Tax season is always a stressful time around the Warnick house. With a professional musician in the family (my wife is a violist), tax time has always been, well…taxing, but now that I have also joined the ranks of the self-employed, it has become that much more overwhelming. For 2013 we had twenty W2’s and 1099’s. Twenty! Yes, we do have an accountant. A few years ago we spent an entire Sunday doing our taxes on our own with Turbo Tax. At the end, after we submitted them, we looked at each other and realized we had no clue if we had done them correctly. We’ve had an accountant ever since. Even so, it’s always a guessing game as to how much we’re going to owe this year.
In times of stress, while many people turn to “comfort food” to ease their troubled minds, I frequently find myself turning to “comfort books” to help relax (OK, yes, I turn to comfort food, too…). For me, a comfort book is something for which the reading of it is a purely pleasurable experience. I want to be able to sit down, take a moment to read a chapter or two, and come out of it feeling more relaxed then when I started. This rules out much of my usual reading material. Whereas Connie Willis’s books on time-traveling historians in WWII era London or Henning Mankell’s Wallander series are really excellent reads, they are not the sort of books I turn to to soothe my soul. For that, I turn to baseball.
My go-to comfort books for the past few years have been memoirs and essays on America’s pastime. I love books about the history of the game and tend to gravitate towards authors who focus on the subtle nuances and pace of the game – writers not afraid to spend an entire chapter talking about sitting in the bleachers of a late July battle between two non-contenders on a hot and humid Texas night in 1982. They are masters at adapting their writing style to embrace the sights, sounds, and tastes of the game – less about telling a story; more about the slow rhythms and atmosphere that surrounds a night at the ballpark. David Halberstam’s Summer of ’49 and October 1964, Buzz Bissinger’s 3 Nights in August, and Dan Barry’s Bottom of the 33rd are all brilliant examples of this style of writing and my own personal comfort books. Summer of ’49 got me through my wife’s surgery to remove a meningioma. October 1964 was there when I came home late every night during my ACCME reaccreditation. 3 Nights in August traveled with me while going solo to a weekend conference in Spain.

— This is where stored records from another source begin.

(* Let $G=(V,E,I,\{s,t\})$ be a grapht (possibly infinite). Suppose $\mathcal{P}$ is a linkage of $s$ with $|\delta(t)\setminus E(\mathcal{P})|=1$, and that there is no linkage $\mathcal{P}'$ of $s$ with $\delta_{\mathcal{P}'}(t)\subsetneq\delta_{\mathcal{P}}(t)$. Then $|\delta(t)\setminus E(\mathcal{Q})|\le1$ for every linkage $\mathcal{Q}$ of $s$.
   Context: Graphs may have parallel edges but no loops; all paths are finite. Here the terminal set is $\{s,t\}$, so $T$-paths are $st$-paths. $\delta(x)$ is the set of edges incident with $x$. For a system $\mathcal{R}$ of paths, $E(\mathcal{R})$ is the union of their edge sets and $\delta_{\mathcal{R}}(t)=\delta(t)\cap E(\mathcal{R})$. A system of edge-disjoint $st$-paths links $s$ if it covers $\delta(s)$; it is a linkage of $s$ if it links $s$ and each of its paths contains an edge of $\delta(s)$ (minimal with respect to linking $s$). *)

theory Defs
  imports Main
begin

text \<open>A graph (parallel edges allowed, no loops, possibly infinite) is given by a vertex
set V, an edge set E and an incidence map I sending each edge to its set of two ends.\<close>

definition is_graph :: "'v set \<Rightarrow> 'e set \<Rightarrow> ('e \<Rightarrow> 'v set) \<Rightarrow> bool" where
  "is_graph V E I \<longleftrightarrow> (\<forall>e\<in>E. I e \<subseteq> V \<and> card (I e) = 2)"

definition is_grapht :: "'v set \<Rightarrow> 'e set \<Rightarrow> ('e \<Rightarrow> 'v set) \<Rightarrow> 'v \<Rightarrow> 'v \<Rightarrow> bool" where
  "is_grapht V E I s t \<longleftrightarrow> is_graph V E I \<and> s \<in> V \<and> t \<in> V \<and> s \<noteq> t"

definition delta :: "'e set \<Rightarrow> ('e \<Rightarrow> 'v set) \<Rightarrow> 'v \<Rightarrow> 'e set" where
  "delta E I x = {e \<in> E. x \<in> I e}"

Last week I attended the ACCME’s “CME as a Bridge to Quality” Accreditation Workshop and spent an evening wandering around After-Words New & Used Books — a must-stop for me whenever I’m lucky enough to have a little free time in Chicago. While browsing through the used books, I was thrilled to find a pristine hardback copy of Season Ticket by Roger Angell, one of my absolute favorite baseball writers (and one of my favorite writers, period, as exemplified by his recent New Yorker article on aging). What better way to get through the stress of another tax day than a series of essays on baseball in the 80’s — the decade that shaped and molded my childhood fandom — by our greatest living baseball writer? Just read these few sentences on escaping a crowded parking lot during a July 4th Mets game:
Actually, by the time we turned up at Shea the lot was full, with the gates and pay booths closed, and we had to make do with a narrow, muddy little junkyard off some street out beyond the center-field parking sectors, where a local entrepreneur took our seven bucks and then absolutely buried us in a welter of other late-comers. No hope, but when we found our way back there, hours later, beyond the motionless thousands of overheating cars and captive fans and patriots self-blocked in the main lot, someone in our group spotted a little alley at the back of our yard, and we took a chance and swung that way, against the flow of cars inching out, and found a miracle there: an empty street. I zipped through a couple of blocks, hung a right away from the honking tangle, extemporized a dazzling U-turn under the Whitestone Expressway, guessed and grabbed another right, spotted the good old boat basin off to my right, and laid a little left onto the Grand Central Parkway: home free, homeward bound, with the cheers of my fans in the car and cascades of Queens-side Roman candles on either hand celebrating our brilliant departure.
Sounds about perfect to me. If anyone needs me, I’ll be reading.